When you think of the “important” sections of the newspaper for family history research, what do you think of? Vital record announcements, obituaries, and human interest stories may come to mind as sources of genealogical information. But what about those parts of the newspaper that aren’t considered “content rich”? What about advertisements?

As a genealogist researching your family history, why should you care about newspaper advertisements? Well, advertisements in newspapers from yesteryear can help researchers in two ways. The obvious way is that they can provide the name of an ancestor’s business—but they also provide us with social history background that can be crucial in reconstructing an ancestor’s time and place.

Consider this strip of ads from an old Kansas newspaper.

classified ads, Coffeyville Herald newspaper 25 April 1908

Coffeyville Herald (Coffeyville, Kansas), 25 April 1908, page 4

From these old advertisements we learn the name of proprietors of goods ranging from clothes and hats to fish, and even ice cream. An additional benefit of historical newspaper advertisements is that they provide a peek into activities long since extinct. Consider the millinery and phyrography store. Phyrography is when someone decorates a wood or leather surface by burning the design into the surface with a type of heated metallic “pen.”

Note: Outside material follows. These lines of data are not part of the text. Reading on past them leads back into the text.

(* Let $X$ be a nontrivial real Banach space. The following assertions are equivalent: (i) $X^*$ has the weak$^*$ strong diameter $2$ property; (ii) $X$ is octahedral; (iii) whenever $E$ is a finite-dimensional subspace of $X$, $n\in\mathbb{N}$, $x_1^*,\dots,x_n^*\in B_{X^*}$, $\varepsilon>0$, and $\varepsilon_0\in(0,\varepsilon)$, there is a $y\in S_X$ such that, whenever $|\gamma_i|\leq 1+\varepsilon_0$ for $i\in\{1,\dots,n\}$, there are $y_i^*\in X^*$ satisfying $y_i^*|_E=x_i^*|_E$, $y_i^*(y)=\gamma_i$, and $\|y_i^*\|\leq 1+\varepsilon$ for all $i\in\{1,\dots,n\}$; (iii') whenever $E$ is a finite-dimensional subspace of $X$, $n\in\mathbb{N}$, $x_1^*,\dots,x_n^*\in B_{X^*}$, and $\varepsilon>0$, there are $y\in S_X$ and $x_{1i}^*,x_{2i}^*\in X^*$, $i\in\{1,\dots,n\}$, satisfying $x_{1i}^*|_E=x_{2i}^*|_E=x_i^*|_E$, $x_{1i}^*(y)-x_{2i}^*(y)>2-\varepsilon$, and $\|x_{1i}^*\|,\|x_{2i}^*\|\leq 1+\varepsilon$ for all $i\in\{1,\dots,n\}$.
   Context: $B_Z$, $S_Z$ denote the closed unit ball and unit sphere of a Banach space $Z$. A weak$^*$ slice of $B_{X^*}$ is a set $\{x^*\in B_{X^*}: x^*(x)>1-\alpha\}$ with $x\in S_X$, $\alpha>0$. $X^*$ has the weak$^*$ strong diameter $2$ property if every convex combination $\sum_{i=1}^n\lambda_i S_i$ ($n\in\mathbb{N}$, $\lambda_i\ge0$, $\sum\lambda_i=1$, $S_i$ weak$^*$ slices of $B_{X^*}$) has diameter $2$. $X$ is octahedral if for every finite-dimensional subspace $E$ of $X$ and every $\varepsilon>0$ there is a $y\in S_X$ such that $\|x+y\|\geq(1-\varepsilon)(\|x\|+\|y\|)$ for all $x\in E$. *)

theory Defs
  imports "HOL-Analysis.Analysis"
begin

text \<open>The dual space X* is rendered as the type of bounded linear functionals
  of type blinfun from the reals, with the operator norm.\<close>

definition fin_dim_subspace :: "'a::real_vector set \<Rightarrow> bool" where
  "fin_dim_subspace E \<longleftrightarrow> (\<exists>B. finite B \<and> E = span B)"

definition weak_star_slice :: "'a::real_normed_vector \<Rightarrow> real \<Rightarrow> ('a \<Rightarrow>\<^sub>L real) set" where
  "weak_star_slice x \<alpha> = {f. norm f \<le> 1 \<and> blinfun_apply f x > 1 - \<alpha>}"

definition w_star_SD2P :: "'a::real_normed_vector itself \<Rightarrow> bool" where
  "w_star_SD2P _ \<longleftrightarrow>
     (\<forall>(n::nat) (lam::nat \<Rightarrow> real) (x::nat \<Rightarrow> 'a) (\<alpha>::nat \<Rightarrow> real).
        n \<ge> 1 \<and> (\<forall>i\<in>{1..n}. lam i \<ge> 0) \<and> (\<Sum>i=1..n. lam i) = 1 \<and>
        (\<forall>i\<in>{1..n}. norm (x i) = 1 \<and> \<alpha> i > 0) \<longrightarrow>
        diameter {\<Sum>i=1..n. lam i *\<^sub>R f i | f. \<forall>i\<in>{1..n}. f i \<in> weak_star_slice (x i) (\<alpha> i)} = 2)"

definition octahedral :: "'a::real_normed_vector itself \<Rightarrow> bool" where
  "octahedral _ \<longleftrightarrow>
     (\<forall>(E::'a set) (\<epsilon>::real). fin_dim_subspace E \<and> \<epsilon> > 0 \<longrightarrow>
        (\<exists>y. norm y = 1 \<and> (\<forall>x\<in>E. norm (x + y) \<ge> (1 - \<epsilon>) * (norm x + norm y))))"

definition prop_iii :: "'a::real_normed_vector itself \<Rightarrow> bool" where
  "prop_iii _ \<longleftrightarrow>
     (\<forall>(E::'a set) (n::nat) (xs::nat \<Rightarrow> ('a \<Rightarrow>\<^sub>L real)) (\<epsilon>::real) (\<epsilon>0::real).
        fin_dim_subspace E \<and> n \<ge> 1 \<and> (\<forall>i\<in>{1..n}. norm (xs i) \<le> 1) \<and>
        \<epsilon> > 0 \<and> 0 < \<epsilon>0 \<and> \<epsilon>0 < \<epsilon> \<longrightarrow>
        (\<exists>y. norm y = 1 \<and>
           (\<forall>\<gamma>::nat \<Rightarrow> real. (\<forall>i\<in>{1..n}. \<bar>\<gamma> i\<bar> \<le> 1 + \<epsilon>0) \<longrightarrow>
              (\<exists>ys::nat \<Rightarrow> ('a \<Rightarrow>\<^sub>L real). \<forall>i\<in>{1..n}.
                  (\<forall>e\<in>E. blinfun_apply (ys i) e = blinfun_apply (xs i) e) \<and>
                  blinfun_apply (ys i) y = \<gamma> i \<and> norm (ys i) \<le> 1 + \<epsilon>))))"

definition prop_iii' :: "'a::real_normed_vector itself \<Rightarrow> bool" where
  "prop_iii' _ \<longleftrightarrow>
     (\<forall>(E::'a set) (n::nat) (xs::nat \<Rightarrow> ('a \<Rightarrow>\<^sub>L real)) (\<epsilon>::real).
        fin_dim_subspace E \<and> n \<ge> 1 \<and> (\<forall>i\<in>{1..n}. norm (xs i) \<le> 1) \<and> \<epsilon> > 0 \<longrightarrow>
        (\<exists>y (x1::nat \<Rightarrow> ('a \<Rightarrow>\<^sub>L real)) (x2::nat \<Rightarrow> ('a \<Rightarrow>\<^sub>L real)).
           norm y = 1 \<and>
           (\<forall>i\<in>{1..n}.
              (\<forall>e\<in>E. blinfun_apply (x1 i) e = blinfun_apply (xs i) e) \<and>
              (\<forall>e\<in>E. blinfun_apply (x2 i) e = blinfun_apply (xs i) e) \<and>
              blinfun_apply (x1 i) y - blinfun_apply (x2 i) y > 2 - \<epsilon> \<and>
              norm (x1 i) \<le> 1 + \<epsilon> \<and> norm (x2 i) \<le> 1 + \<epsilon>)))"

end

theory Submission
  imports Defs
begin

text \<open>The implications run (ii) \<open>\<Longrightarrow>\<close> (iii) \<open>\<Longrightarrow>\<close> (iii') \<open>\<Longrightarrow>\<close> (i) \<open>\<Longrightarrow>\<close> (ii).
  If \<open>y\<close> is an almost octahedral direction for \<open>E\<close>, then \<open>\<parallel>e + t y\<parallel> \<ge> (1 - \<delta>) (\<parallel>e\<parallel> + \<bar>t\<bar>)\<close>
  for \<open>e \<in> E\<close>, so keeping \<open>x\<^sub>i\<^sup>*\<close> on \<open>E\<close> and prescribing any value of modulus at most
  \<open>1 + \<epsilon>\<^sub>0\<close> at \<open>y\<close> gives a functional of norm at most \<open>1 + \<epsilon>\<close> on \<open>E + \<real> y\<close>, which
  Hahn--Banach extends to \<open>X\<close>; the values \<open>\<plusminus>(1 + \<epsilon>/2)\<close> then give (iii'). Given (iii'),
  the functionals \<open>x\<^sub>1\<^sub>i\<^sup>*\<close>, \<open>x\<^sub>2\<^sub>i\<^sup>*\<close> built from norming functionals of the slice centres, scaled by
  \<open>1 / (1 + \<epsilon>)\<close>, lie in the slices, and their convex combinations are almost \<open>2\<close> apart at
  \<open>y\<close>. Conversely, two almost antipodal points of an equally weighted combination of slices
  centred at \<open>x\<^sub>1, \<dots>, x\<^sub>n\<close> are almost antipodal at some unit vector \<open>y\<close>, and averaging
  forces \<open>\<parallel>x\<^sub>i + y\<parallel> \<approx> 2\<close> for every \<open>i\<close>; a finite net of the unit sphere of \<open>E\<close> upgrades
  this to octahedrality.\<close>

section \<open>Hahn--Banach extension\<close>

lemma subspace_Union_chain:
  assumes "\<C> \<noteq> {}" and "\<And>S. S \<in> \<C> \<Longrightarrow> subspace S"
    and chain: "\<And>S T. S \<in> \<C> \<Longrightarrow> T \<in> \<C> \<Longrightarrow> S \<subseteq> T \<or> T \<subseteq> S"
  shows "subspace (\<Union>\<C>)"
  unfolding subspace_def
proof (intro conjI ballI allI)
  show "0 \<in> \<Union>\<C>" using assms(1,2) subspace_0 by blast
next
  fix x y assume "x \<in> \<Union>\<C>" "y \<in> \<Union>\<C>"
  then obtain S T where "x \<in> S" "y \<in> T" "S \<in> \<C>" "T \<in> \<C>" by blast
  with chain[of S T] assms(2) show "x + y \<in> \<Union>\<C>" by (meson UnionI subsetD subspace_add)
next
  fix a x assume "x \<in> \<Union>\<C>"
  with assms(2) show "a *\<^sub>R x \<in> \<Union>\<C>" by (meson UnionE UnionI subspace_scale)
qed

text \<open>A partial linear functional is represented by its graph, a subspace of \<open>X \<times> \<real>\<close>;
  the bound by \<open>C \<parallel>x\<parallel>\<close> makes the graph single-valued.\<close>

definition dominated_graph :: "real \<Rightarrow> ('a::real_normed_vector \<times> real) set \<Rightarrow> bool" where
  "dominated_graph C H \<longleftrightarrow> subspace H \<and> (\<forall>(x, r)\<in>H. r \<le> C * norm x)"

lemma dominated_graph_add:
  "dominated_graph C H \<Longrightarrow> (x, r) \<in> H \<Longrightarrow> (y, s) \<in> H \<Longrightarrow> (x + y, r + s) \<in> H"
  unfolding dominated_graph_def using subspace_add by fastforce

lemma dominated_graph_scaleR:
  "dominated_graph C H \<Longrightarrow> (x, r) \<in> H \<Longrightarrow> (a *\<^sub>R x, a * r) \<in> H"
  unfolding dominated_graph_def using subspace_scale by fastforce

lemma dominated_graph_single_valued:
  assumes H: "dominated_graph C H" and "(x, r) \<in> H" "(x, s) \<in> H"
  shows "r = s"
proof -
  have rs: "(0, r - s) \<in> H"
    using dominated_graph_add[OF H assms(2) dominated_graph_scaleR[OF H assms(3), of "-1"]] by simp
  moreover have "(0, s - r) \<in> H" using dominated_graph_scaleR[OF H rs, of "-1"] by simp
  ultimately have "r - s \<le> 0" "s - r \<le> 0"
    using H unfolding dominated_graph_def by fastforce+
  then show ?thesis by simp
qed

lemma dominated_graph_extension_nonneg:
  assumes H: "dominated_graph C H" and upper: "\<And>v w. (v, w) \<in> H \<Longrightarrow> c \<le> C * norm (v + x0) - w"
    and xr: "(x, r) \<in> H" and "t \<ge> 0"
  shows "r + t * c \<le> C * norm (x + t *\<^sub>R x0)"
proof (cases "t = 0")
  case True
  then show ?thesis using H xr unfolding dominated_graph_def by auto
next
  case False
  with \<open>t \<ge> 0\<close> have "t > 0" by simp
  have "t * c \<le> t * (C * norm ((1 / t) *\<^sub>R x + x0) - (1 / t) * r)"
    using \<open>t > 0\<close> upper[OF dominated_graph_scaleR[OF H xr, of "1 / t"]] by (intro mult_left_mono) auto
  also have "\<dots> = C * (t * norm ((1 / t) *\<^sub>R x + x0)) - r"
    using \<open>t > 0\<close> by (simp add: algebra_simps)
  also have "t * norm ((1 / t) *\<^sub>R x + x0) = norm (t *\<^sub>R ((1 / t) *\<^sub>R x + x0))"
    using \<open>t > 0\<close> by simp
  also have "t *\<^sub>R ((1 / t) *\<^sub>R x + x0) = x + t *\<^sub>R x0"
    using \<open>t > 0\<close> by (simp add: algebra_simps)
  finally show ?thesis by simp
qed

text \<open>The one-dimensional step of Hahn--Banach: a value \<open>c\<close> at the new direction \<open>x0\<close> exists
  because every lower constraint \<open>s - C \<parallel>u - x0\<parallel>\<close> lies below every upper constraint
  \<open>C \<parallel>v + x0\<parallel> - w\<close>. The lower constraints are the upper ones for \<open>(-x0, -c)\<close>.\<close>

lemma dominated_graph_extension_value:
  assumes H: "dominated_graph C H" and C: "C \<ge> 0"
  obtains c where "\<And>x r t. (x, r) \<in> H \<Longrightarrow> r + t * c \<le> C * norm (x + t *\<^sub>R x0)"
proof -
  have constraints: "s - C * norm (u - x0) \<le> C * norm (v + x0) - w"
    if "(u, s) \<in> H" "(v, w) \<in> H" for u s v w
  proof -
    have "s + w \<le> C * norm (u + v)"
      using H dominated_graph_add[OF H that] unfolding dominated_graph_def by blast
    also have "\<dots> \<le> C * (norm (u - x0) + norm (v + x0))"
      using C norm_triangle_ineq[of "u - x0" "v + x0"] by (simp add: mult_left_mono)
    finally show ?thesis by (simp add: algebra_simps)
  qed
  define A where "A = {s - C * norm (u - x0) | u s. (u, s) \<in> H}"
  have H0: "(0, 0) \<in> H" using H subspace_0 unfolding dominated_graph_def by (metis zero_prod_def)
  have "A \<noteq> {}" using H0 unfolding A_def by blast
  moreover have "bdd_above A"
    using constraints[OF _ H0] unfolding A_def by (intro bdd_aboveI[where M = "C * norm x0"]) auto
  ultimately have "s - C * norm (u - x0) \<le> Sup A" if "(u, s) \<in> H" for u s
    using that unfolding A_def by (auto intro!: cSup_upper)
  then have lower: "- Sup A \<le> C * norm (u + - x0) - s" if "(u, s) \<in> H" for u s
    using that by force
  have upper: "Sup A \<le> C * norm (v + x0) - w" if "(v, w) \<in> H" for v w
    using that constraints \<open>A \<noteq> {}\<close> unfolding A_def by (auto intro!: cSup_least)
  show thesis
  proof
    fix x r and t :: real assume xr: "(x, r) \<in> H"
    show "r + t * Sup A \<le> C * norm (x + t *\<^sub>R x0)"
    proof (cases "t \<ge> 0")
      case True
      show ?thesis by (rule dominated_graph_extension_nonneg[OF H upper xr True])
    next
      case False
      then have "r + (- t) * (- Sup A) \<le> C * norm (x + (- t) *\<^sub>R (- x0))"
        by (intro dominated_graph_extension_nonneg[OF H lower xr]) auto
      then show ?thesis by simp
    qed
  qed
qed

Here are some old classified ads from an 1851 Georgia newspaper.

classified ads, Savannah Republican newspaper 18 June 1851

Savannah Republican (Savannah, Georgia), 18 June 1851, page 1

Here we see not only classified ads but a listing of merchant names. Must-have information for our ancestors including fares and stops for the Central Rail-Road and some ship lines are also found on this page. Further down, readers can see that there are notices of public land sales in Arkansas. Do you have an ancestor who started out in Georgia and ended up in Arkansas? Maybe they saw this notice for the land sale and headed west.

In some cases, historical advertisements can be found with other types of notices, as illustrated in this Civil War-era newspaper from Texas.

classified ads, Standard newspaper 9 May 1863

Standard (Clarksville, Texas), 9 May 1863, page 1

The advertisements and announcements on this page include notices from administrators of wills, a physician who will begin his practice, and information from the War Department. There are old ads for medicinal drugs that are for sale, presumably at a local pharmacy: opium, morphine, Blue Mass (a remedy that “cured” all sorts of problems including pains from childbirth, tuberculosis, constipation, and syphilis—one of its ingredients was mercury), ipicac, and Dovers Powders (a remedy for colds and fevers that contained opium) are just some of the “medicines” you could pick up.

One of the great things about this series of advertisements is that it is a reflection of the times. Note the short notice asking families to save rags because they are needed to make paper. Five cents a pound is offered for rags. During the Civil War, the South experienced all types of shortages including paper. This notice gives insight into these wartime shortages.

Can advertisements provide genealogists with answers about their ancestors? Yes! Not only can they provide proof of an ancestor’s occupation but they can also provide a sense of their era. These advertisements provide a much-needed history lesson for our genealogy. While it can be tempting to skip over some sections of a newspaper, don’t skip the old advertisements. They provide insight into your ancestor’s life.